Applying the “Lower the Better” Concept in Primary Prevention

Primary prevention of ASCVD with LDL-C lowering therapies has mostly been recommended for those with high ASCVD risk scores. The exceptions are patients aged 40–75 years with diabetes mellitus (where at least a moderate-intensity statin is recommended regardless of 10-year risk score) and for those patients with severe primary hypercholesterolemia (where a high-intensity statin is recommended regardless of 10-year risk score). Risk scoring, which often weighs age as a strong predictor, is recommended for those without established risk factors [2••]. The CTT meta-analysis demonstrated that patients in the lower risk groups (5-year risk < 10%) also benefitted from more intensive statin therapy, with a relative risk reduction per 38.6 mg/dL of 43% in non-fatal MI and 48% in coronary revascularizations [37]. Following the CTT analysis, the HOPE-3 randomized controlled trial examined a diverse population of individuals without known ASCVD at moderate risk who were randomized to rosuvastatin 10 mg/day vs. placebo [38]. Rosuvastatin monotherapy was associated with a decreased risk of composite death from ASCVD, non-fatal MI, or non-fatal stroke (hazard ratio, 0.76; 95% CI, 0.64 to 0.91; P = 0.002) and a significant decrease in coronary revascularization, heart failure, and resuscitated cardiac arrest (hazard ratio, 0.75; 95% CI, 0.64 to 0.88; P < 0.001) [39••].

The results of these primary prevention trials as well as Mendelian randomized studies bring up the important concept of lifetime exposure to LDL-C. If the lifetime exposure to LDL-C is taken into consideration, the age of onset at which ASCVD begins may be significantly delayed [40]. This likely explains the increase in the observed risk reduction seen with LDL-C lowering therapies as the duration of treatment extends.
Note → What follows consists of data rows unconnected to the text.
lemma has_real_derivative_flow_potential:
  assumes "L \<ge> 1" and u: "u > 0"
  shows "(flow_potential L has_real_derivative (if L = 2 then 1 else 2 - real L) / u ^ (L - 1)) (at u)"
proof (cases "L = 2")
  case True
  then have "flow_potential L = ln" by (auto simp: flow_potential_def)
  then show ?thesis using True DERIV_ln[OF u] by (simp add: divide_inverse)
next
  case False
  have "u powr (2 - real L - 1) = u powr (- real (L - 1))"
    using assms by (simp add: of_nat_diff)
  also have "\<dots> = 1 / u ^ (L - 1)"
    using u by (simp add: powr_minus powr_realpow divide_inverse)
  finally have "u powr (2 - real L - 1) = 1 / u ^ (L - 1)" .
  moreover have "flow_potential L = (\<lambda>u. u powr (2 - real L))"
    using False by (auto simp: flow_potential_def)
  ultimately show ?thesis
    using False has_real_derivative_powr[OF u, of "2 - real L"] by simp
qed

lemma has_vector_derivative_vec_nth:
  assumes "(f has_vector_derivative f') F"
  shows "((\<lambda>s. f s $ j) has_real_derivative f' $ j) F"
proof -
  have "((\<lambda>s. f s $ j) has_derivative (\<lambda>h. (h *\<^sub>R f') $ j)) F"
    using bounded_linear.has_derivative[OF bounded_linear_vec_nth]
      assms[unfolded has_vector_derivative_def] .
  then show ?thesis by (simp add: has_field_derivative_def mult_commute_abs)
qed

lemma matrix_vector_mult_constant_if_derivative_in_kernel:
  fixes F F' :: "real \<Rightarrow> real^'n" and Q :: "real^'n^'k"
  assumes "convex S"
    and deriv: "\<And>t j. t \<in> S \<Longrightarrow> ((\<lambda>s. F s $ j) has_real_derivative F' t $ j) (at t within S)"
    and kernel: "\<And>t. t \<in> S \<Longrightarrow> Q *v F' t = 0"
    and "s \<in> S" "t \<in> S"
  shows "Q *v F s = Q *v F t"
proof -
  have "((\<lambda>s. (Q *v F s) $ i) has_real_derivative 0) (at t within S)" if "t \<in> S" for t i
  proof -
    have "((\<lambda>s. \<Sum>j\<in>UNIV. Q $ i $ j * F s $ j) has_real_derivative
           (\<Sum>j\<in>UNIV. Q $ i $ j * F' t $ j)) (at t within S)"
      by (intro DERIV_sum DERIV_cmult deriv that)
    then show ?thesis using kernel[OF that] by (simp add: matrix_vector_mult_def vec_eq_iff)
  qed
  then have "\<exists>c. \<forall>t\<in>S. (Q *v F t) $ i = c" for i
    using \<open>convex S\<close> by (intro has_field_derivative_zero_constant)
  then show ?thesis using assms(4,5) by (metis vec_eq_iff)
qed

theorem mainTheorem9:
  fixes A :: "real^'n^'m" and b :: "real^'m" and L :: nat
    and x :: "real \<Rightarrow> real^'n" and x0 :: "real^'n"
  assumes L_pos: "L \<ge> 1"
    and flow: "\<And>t. t \<ge> 0 \<Longrightarrow>
                 (x has_vector_derivative (- gradL A b L (x t))) (at t within {0..})"
    and init: "x 0 = x0"
    and x0_pos: "\<And>i. x0 $ i > 0"
    and x_pos: "\<And>t i. t \<ge> 0 \<Longrightarrow> x t $ i > 0"
  shows "\<forall>t\<ge>0. h0 A L (x t) = h0 A L (x 0)"
proof -
  let ?c = "if L = 2 then 1 else 2 - real L"
  let ?g = "\<lambda>s. transpose A *v (A *v epow (x s) L - b)"
  have "((\<lambda>s. flow_potential L (x s $ j)) has_real_derivative (- ?c *\<^sub>R ?g s) $ j)
          (at s within {0..})" if s: "s \<ge> 0" for s j
  proof -
    have "((\<lambda>s. x s $ j) has_real_derivative - (?g s $ j * x s $ j ^ (L - 1))) (at s within {0..})"
      using has_vector_derivative_vec_nth[OF flow[OF s]] by (simp add: gradL_def)
    from DERIV_chain2[OF has_real_derivative_flow_potential[OF L_pos x_pos[OF s]] this]
    show ?thesis using x_pos[OF s, of j] by simp
  qed
  moreover have "(mat 1 - pinv A ** A) *v (- ?c *\<^sub>R ?g s) = 0" for s
    by (simp only: matrix_vector_mult_scaleR pinv_complement_transpose_eq_0 scaleR_zero_right)
  ultimately show ?thesis
    unfolding h0_eq_flow_potential
    by (auto intro!: matrix_vector_mult_constant_if_derivative_in_kernel[of "{0..}"])
qed
lemma signed_pow_sum_eq_ordered:
  fixes b \<sigma> \<tau> \<sigma>' \<tau>' :: int
  assumes b: "4 \<le> b" and signs: "\<sigma> \<in> {-1, 1}" "\<tau> \<in> {-1, 1}" "\<sigma>' \<in> {-1, 1}" "\<tau>' \<in> {-1, 1}"
    and "i \<le> j" "k \<le> l"
    and eq: "\<sigma> * b^i + \<tau> * b^j = \<sigma>' * b^k + \<tau>' * b^l"
    and nz: "\<sigma> * b^i + \<tau> * b^j \<noteq> 0"
  shows "\<sigma> = \<sigma>' \<and> i = k \<and> \<tau> = \<tau>' \<and> j = l"
proof -
  have top: "j = l"
    using pow_band_unique[of b] b signed_pow_sum_band[OF b signs(1,2) \<open>i \<le> j\<close> nz]
      signed_pow_sum_band[OF b signs(3,4) \<open>k \<le> l\<close>] eq nz by auto
  have "\<tau> = \<tau>'"
    using sgn_signed_pow_sum[of b \<sigma> \<tau> i j] sgn_signed_pow_sum[of b \<sigma>' \<tau>' k l] assms by simp
  with top eq have "\<sigma> * b^i = \<sigma>' * b^k" by simp
  then show ?thesis using signed_pow_eq_iff[of b \<sigma> \<sigma>' i k] b signs top \<open>\<tau> = \<tau>'\<close> by simp
qed

lemma signed_pow_sum_eq:
  fixes b \<sigma> \<tau> \<sigma>' \<tau>' :: int
  assumes "4 \<le> b" "\<sigma> \<in> {-1, 1}" "\<tau> \<in> {-1, 1}" "\<sigma>' \<in> {-1, 1}" "\<tau>' \<in> {-1, 1}"
    and "\<sigma> * b^i + \<tau> * b^j = \<sigma>' * b^k + \<tau>' * b^l"
    and "\<sigma> * b^i + \<tau> * b^j \<noteq> 0"
  shows "(\<sigma>, i) = (\<sigma>', k) \<and> (\<tau>, j) = (\<tau>', l) \<or> (\<sigma>, i) = (\<tau>', l) \<and> (\<tau>, j) = (\<sigma>', k)"
proof -
  note ordered = signed_pow_sum_eq_ordered[OF assms(1)]
  show ?thesis
  proof (cases "i \<le> j"; cases "k \<le> l")
    assume "i \<le> j" "k \<le> l"
    then show ?thesis using ordered[of \<sigma> \<tau> \<sigma>' \<tau>' i j k l] assms by simp
  next
    assume "i \<le> j" "\<not> k \<le> l"
    then show ?thesis using ordered[of \<sigma> \<tau> \<tau>' \<sigma>' i j l k] assms by (simp add: add.commute)
  next
    assume "\<not> i \<le> j" "k \<le> l"
    then show ?thesis using ordered[of \<tau> \<sigma> \<sigma>' \<tau>' j i k l] assms by (simp add: add.commute)
  next
    assume "\<not> i \<le> j" "\<not> k \<le> l"
    then show ?thesis using ordered[of \<tau> \<sigma> \<tau>' \<sigma>' j i l k] assms by (simp add: add.commute)
  qed
qed

lemma abs_mult_add_ge:
  fixes N t r :: int
  assumes "t \<noteq> 0" "0 \<le> N"
  shows "N - \<bar>r\<bar> \<le> \<bar>N * t + r\<bar>"
proof -
  have "N * 1 \<le> N * \<bar>t\<bar>"
    using assms by (intro mult_left_mono) auto
  then show ?thesis using assms(2) by (simp add: abs_mult)
qed

definition perturbed_powers :: "int \<Rightarrow> int \<Rightarrow> (int \<Rightarrow> nat \<Rightarrow> int) \<Rightarrow> nat set \<Rightarrow> int set" where
  "perturbed_powers b N f I = (\<lambda>(\<sigma>, i). f \<sigma> i + N * (\<sigma> * b^i)) ` ({-1, 1} \<times> I)"

lemma mem_perturbed_powers_iff:
  "a \<in> perturbed_powers b N f I \<longleftrightarrow> (\<exists>\<sigma> i. \<sigma> \<in> {-1, 1} \<and> i \<in> I \<and> a = f \<sigma> i + N * (\<sigma> * b^i))"
  unfolding perturbed_powers_def by auto

lemma card_perturbed_powers:
  fixes b N R :: int
  assumes "1 < b" "finite I" "2 * R < N"
    and bound: "\<And>\<sigma> i. \<sigma> \<in> {-1, 1} \<Longrightarrow> i \<in> I \<Longrightarrow> \<bar>f \<sigma> i\<bar> \<le> R"
  shows "card (perturbed_powers b N f I) = 2 * card I"
proof -
  have "inj_on (\<lambda>(\<sigma>, i). f \<sigma> i + N * (\<sigma> * b^i)) ({-1, 1} \<times> I)"
  proof (rule inj_onI, clarify)
    fix \<sigma> i \<sigma>' k
    assume mem: "\<sigma> \<in> {-1, 1}" "i \<in> I" "\<sigma>' \<in> {-1, 1}" "k \<in> I"
      and eq: "f \<sigma> i + N * (\<sigma> * b^i) = f \<sigma>' k + N * (\<sigma>' * b^k)"
    have "\<sigma> * b^i - \<sigma>' * b^k = 0"
    proof (rule ccontr)
      assume "\<sigma> * b^i - \<sigma>' * b^k \<noteq> 0"
      then have "N - \<bar>f \<sigma> i - f \<sigma>' k\<bar> \<le> \<bar>N * (\<sigma> * b^i - \<sigma>' * b^k) + (f \<sigma> i - f \<sigma>' k)\<bar>"
        using assms(3) bound[OF mem(1,2)] by (intro abs_mult_add_ge) auto
      also have "\<dots> = 0" using eq by (simp add: algebra_simps)
      finally show False using assms(3) bound[OF mem(1,2)] bound[OF mem(3,4)] by linarith
    qed
    then show "\<sigma> = \<sigma>' \<and> i = k" using signed_pow_eq_iff[OF assms(1) mem(1,3)] by simp
  qed
  then show ?thesis
    unfolding perturbed_powers_def using assms(2) by (simp add: card_image card_cartesian_product)
qed

lemma sumset2_perturbed_powersE:
  assumes "x \<in> sumset2 (perturbed_powers b N f I)"
  obtains \<sigma> i \<tau> j where "\<sigma> \<in> {-1, 1}" "i \<in> I" "\<tau> \<in> {-1, 1}" "j \<in> I"
    "x = f \<sigma> i + f \<tau> j + N * (\<sigma> * b^i + \<tau> * b^j)"
proof -
  obtain a a' where "a \<in> perturbed_powers b N f I" "a' \<in> perturbed_powers b N f I" "x = a + a'"
    using assms unfolding sumset2_def by blast
  then obtain \<sigma> i \<tau> j where "\<sigma> \<in> {-1, 1}" "i \<in> I" "\<tau> \<in> {-1, 1}" "j \<in> I"
    "x = (f \<sigma> i + N * (\<sigma> * b^i)) + (f \<tau> j + N * (\<tau> * b^j))"
    unfolding mem_perturbed_powers_iff by metis
  then show thesis using that by (simp add: algebra_simps)
qed

lemma cancelling_pair_in_sumset2:
  assumes "i \<in> I"
  shows "f 1 i + f (-1) i \<in> sumset2 (perturbed_powers b N f I)"
proof -
  have "f 1 i + N * (1 * b^i) \<in> perturbed_powers b N f I"
    "f (-1) i + N * (-1 * b^i) \<in> perturbed_powers b N f I"
    using assms unfolding perturbed_powers_def by force+
  moreover have "f 1 i + f (-1) i = (f 1 i + N * (1 * b^i)) + (f (-1) i + N * (-1 * b^i))"
    by simp
  ultimately show ?thesis unfolding sumset2_def by blast
qed
(* If $\nu>-1$ and $x\in[0,\alpha_{\nu,1})$, then $$d_\nu(x)\leq\frac{x^\nu e^{-\frac{3x^2}{4(\nu+1)}}}{2^\nu\Gamma(\nu+1)}.$$
   Context: $J_\nu$ denotes the Bessel function of the first kind of order $\nu$. The Dini function is $d_\nu(x)=(1-\nu)J_\nu(x)+xJ_\nu'(x)$, and $\alpha_{\nu,1}$ denotes its first positive zero. *)

theory Defs
  imports "HOL-Analysis.Analysis"
begin

definition besselJ :: "real \<Rightarrow> real \<Rightarrow> real" where
  "besselJ \<nu> x = (\<Sum>k. (-1) ^ k / (fact k * Gamma (real k + \<nu> + 1)) * (x / 2) powr (2 * real k + \<nu>))"

definition dini :: "real \<Rightarrow> real \<Rightarrow> real" where
  "dini \<nu> x = (1 - \<nu>) * besselJ \<nu> x + x * deriv (besselJ \<nu>) x"

definition alpha1 :: "real \<Rightarrow> real" where
  "alpha1 \<nu> = Inf {x. 0 < x \<and> dini \<nu> x = 0}"

end

theory Submission
  imports Defs
begin

(* Write S_mu(t) = sum_k (-1)^k t^k / (k! Gamma(k + mu + 1)) (bessel_series), so that
   J_nu(x) = (x/2)^nu S_nu(x^2/4) and d_nu(x) = (x/2)^nu G(x^2/4) with G(t) = S_nu(t) - 2t S_(nu+1)(t)
   (dini_series).  From S_mu' = -S_(mu+1) and t S_(mu+2) = (mu+1) S_(mu+1) - S_mu one gets, for
   c = 3/(nu+1),
     (nu+1) e^(-ct) (e^(ct) G(t))' = t ((2nu - 1) S_(nu+2)(t) - 6 S_(nu+1)(t)).
   Below the first zero of d_nu the function G stays positive, and positivity propagates to
   S_nu, ..., S_(nu+3): at a first zero of S_(mu+1) the recurrence would make it increasing.
   The bracket is then nonpositive (for large t by G > 0, for small t because S_(nu+2) decreases
   and S_(nu+1) lies above its tangent at 0), so e^(ct) G(t) decreases from G(0) = 1/Gamma(nu+1). *)

lemma pos_on_interval_if_derivative_pos_at_zeros:
  fixes f f' :: "real \<Rightarrow> real"
  assumes deriv: "\<And>s. 0 \<le> s \<Longrightarrow> s \<le> T \<Longrightarrow> (f has_real_derivative f' s) (at s)"
    and f0: "f 0 > 0"
    and zeros: "\<And>z. 0 < z \<Longrightarrow> z \<le> T \<Longrightarrow> f z = 0 \<Longrightarrow> f' z > 0"
  shows "\<forall>s\<in>{0..T}. f s > 0"
proof (rule ccontr)
  assume "\<not> ?thesis"
  then obtain s0 where s0: "s0 \<in> {0..T}" "f s0 \<le> 0" by auto
  have cont: "continuous_on {0..T} f"
    using deriv by (meson DERIV_isCont atLeastAtMost_iff continuous_at_imp_continuous_on)
  have zero_before: "\<exists>w. 0 \<le> w \<and> w \<le> s \<and> f w = 0" if "s \<in> {0..T}" "f s \<le> 0" for s
    using IVT2'[of f s 0 0] continuous_on_subset[OF cont] that f0 by auto
  define Z where "Z = {s \<in> {0..T}. f s = 0}"
  have bdd: "bdd_below Z"
    by (auto simp: Z_def intro: bdd_belowI[of _ 0])
  have "Z \<noteq> {}"
    using zero_before[OF s0] s0 by (force simp: Z_def)
  moreover have "closed Z"
    unfolding Z_def by (rule continuous_closed_preimage_constant[OF cont]) simp
  ultimately have "Inf Z \<in> Z"
    using bdd closed_contains_Inf by blast
  then obtain z where z: "z = Inf Z" "0 < z" "z \<le> T" "f z = 0"
    using f0 unfolding Z_def by (metis (mono_tags, lifting) atLeastAtMost_iff le_less mem_Collect_eq)
  have pos_before: "f w > 0" if "0 \<le> w" "w < z" for w
  proof (rule ccontr)
    assume "\<not> f w > 0"
    moreover have "w \<in> {0..T}" using that z by auto
    ultimately obtain v where "0 \<le> v" "v \<le> w" "f v = 0"
      using zero_before[of w] by auto
    then have "z \<le> v"
      unfolding z(1) using that z by (intro cInf_lower[OF _ bdd]) (auto simp: Z_def)
    then show False using \<open>v \<le> w\<close> \<open>w < z\<close> by simp
  qed
  obtain d where "d > 0" and d: "\<And>h. h > 0 \<Longrightarrow> h < d \<Longrightarrow> f (z - h) < f z"
    using DERIV_pos_inc_left[OF deriv zeros] z by force
  define h where "h = min (d / 2) z"
  have "h > 0" "h < d" "h \<le> z"
    using \<open>d > 0\<close> z by (auto simp: h_def)
  then show False
    using d[of h] pos_before[of "z - h"] z by simp
qed

lemma Gamma_plus1_pos: "(z::real) > 0 \<Longrightarrow> Gamma (z + 1) = z * Gamma z"
  by (rule Gamma_plus1) (auto dest: nonpos_Ints_nonpos)

definition bessel_coeff :: "real \<Rightarrow> nat \<Rightarrow> real" where
  "bessel_coeff \<mu> k = (-1) ^ k / (fact k * Gamma (real k + \<mu> + 1))"

definition bessel_series :: "real \<Rightarrow> real \<Rightarrow> real" where
  "bessel_series \<mu> t = (\<Sum>k. bessel_coeff \<mu> k * t ^ k)"
text \<open>
  For \<open>|a| < k\<close> the delay at which the gain \<open>k\<close> becomes critical,
  \<open>arccos (a / k) / sqrt (k\<^sup>2 - a\<^sup>2)\<close>, is the integral of \<open>1 / (k + a sin t)\<close> over
  \<open>[0, \<pi>/2]\<close>. Each integrand is strictly decreasing and convex in \<open>k\<close>, hence so is the critical
  delay. It tends to \<open>0\<close> as \<open>k \<rightarrow> \<infinity>\<close>, and to \<open>1 / a\<close> (if \<open>a > 0\<close>) or \<open>\<infinity>\<close> (if \<open>a \<le> 0\<close>)
  as \<open>k \<rightarrow> |a|\<close>, so it maps \<open>(|a|, \<infinity>)\<close> onto the admissible delays. The critical gain \<open>k\<^sub>u\<close>
  is its inverse, and the inverse of a strictly decreasing convex function is again decreasing and
  convex. The limits of \<open>k\<^sub>u\<close> follow by comparing the critical delay with \<open>1 / k\<close>,
  \<open>\<pi> / (2 sqrt (k\<^sup>2 - a\<^sup>2))\<close> and \<open>\<pi> / (2 (k - |a|))\<close>.
\<close>

lemma sqrt_diff_squares_pos:
  fixes a k :: real
  assumes "\<bar>a\<bar> < k"
  shows "0 < sqrt (k^2 - a^2)"
  using power2_strict_mono[of a k] assms by simp

lemma sin_arccos_div:
  fixes a k :: real
  assumes "\<bar>a\<bar> < k"
  shows "sin (arccos (a / k)) = sqrt (k^2 - a^2) / k"
proof -
  have k: "0 < k" using assms by linarith
  have "-1 \<le> a / k" "a / k \<le> 1" using assms k by (auto simp: field_simps abs_less_iff)
  then have "sin (arccos (a / k)) = sqrt (1 - (a / k)^2)"
    by (simp add: sin_arccos)
  also have "1 - (a / k)^2 = (k^2 - a^2) / k^2"
    using k by (simp add: field_simps)
  finally show ?thesis using k by (simp add: real_sqrt_divide)
qed

lemma abs_mult_sin_le: "\<bar>a * sin t\<bar> \<le> \<bar>a\<bar>" for a t :: real
  by (simp add: abs_mult mult_left_le)

lemma mult_cos_less_sin:
  fixes t :: real
  assumes "0 < t" "t < pi / 2"
  shows "t * cos t < sin t"
proof -
  have "((\<lambda>t. sin t - t * cos t) has_real_derivative z * sin z) (at z)" for z
    by (auto intro!: derivative_eq_intros simp: algebra_simps)
  then obtain z where z: "0 < z" "z < t" and eq: "sin t - t * cos t = t * (z * sin z)"
    using MVT2[of 0 t "\<lambda>t. sin t - t * cos t" "\<lambda>z. z * sin z"] assms(1) by auto
  have "0 < sin z"
    using z assms by (intro sin_gt_zero) auto
  then have "0 < t * (z * sin z)"
    using z assms(1) by simp
  with eq show ?thesis
    by linarith
qed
In terms of primary prevention, the duration of LDL-C lowering would have to be extended significantly compared with secondary prevention trials, in order to establish a meaningful reduction in ASCVD risk [41]. An analysis from the Framingham Offspring cohort demonstrated that early treatment of moderately elevated lipid level may theoretically return a fourfold benefit over time, in comparison to starting treatment later [40]. However, there continues to be practical difficulties in conducting long-term studies of aggressive LDL lowering, given that a large segment of the population may qualify for early treatment, the duration of follow-up will likely be unfeasible, while the expected treatment effect may be small and difficult to power. But rather than being handicapped by skepticism, we should pursue creative and innovative approaches to answer several important questions related to primary prevention: Would individuals derive benefit from aggressive lifelong reduction in LDL-C starting in early adulthood? How low should we go with LDL-C and what tools should we use? Is lowering LDL-C, at a very young age, cost-effective and safe, especially with novel long-term interventions like gene therapy or RNA interference?

Conclusion

We are in an era of emerging LDL-C lowering therapies. Combining an armamentarium of tools can potentially achieve dramatic reductions in LDL-C levels and subsequently reduce the risk for ASCVD events. The concern for adverse effects with such low LDL-C levels has been raised; however, clinical studies thus far have been reassuring and side effects appear to be medication-specific. There still remains a question of the cost-effectiveness of some non-statin therapies particularly PCSK9i, in spite of recent price decreases, and whether the benefit is worth the cost. Therefore, it is prudent to always pursue an individualized patient-level approach to LDL-C lowering that considers the patient’s global cardiovascular risk, their side effect profile, and the cost-effectiveness of therapies in order to derive maximal benefit from aggressive lipid lowering.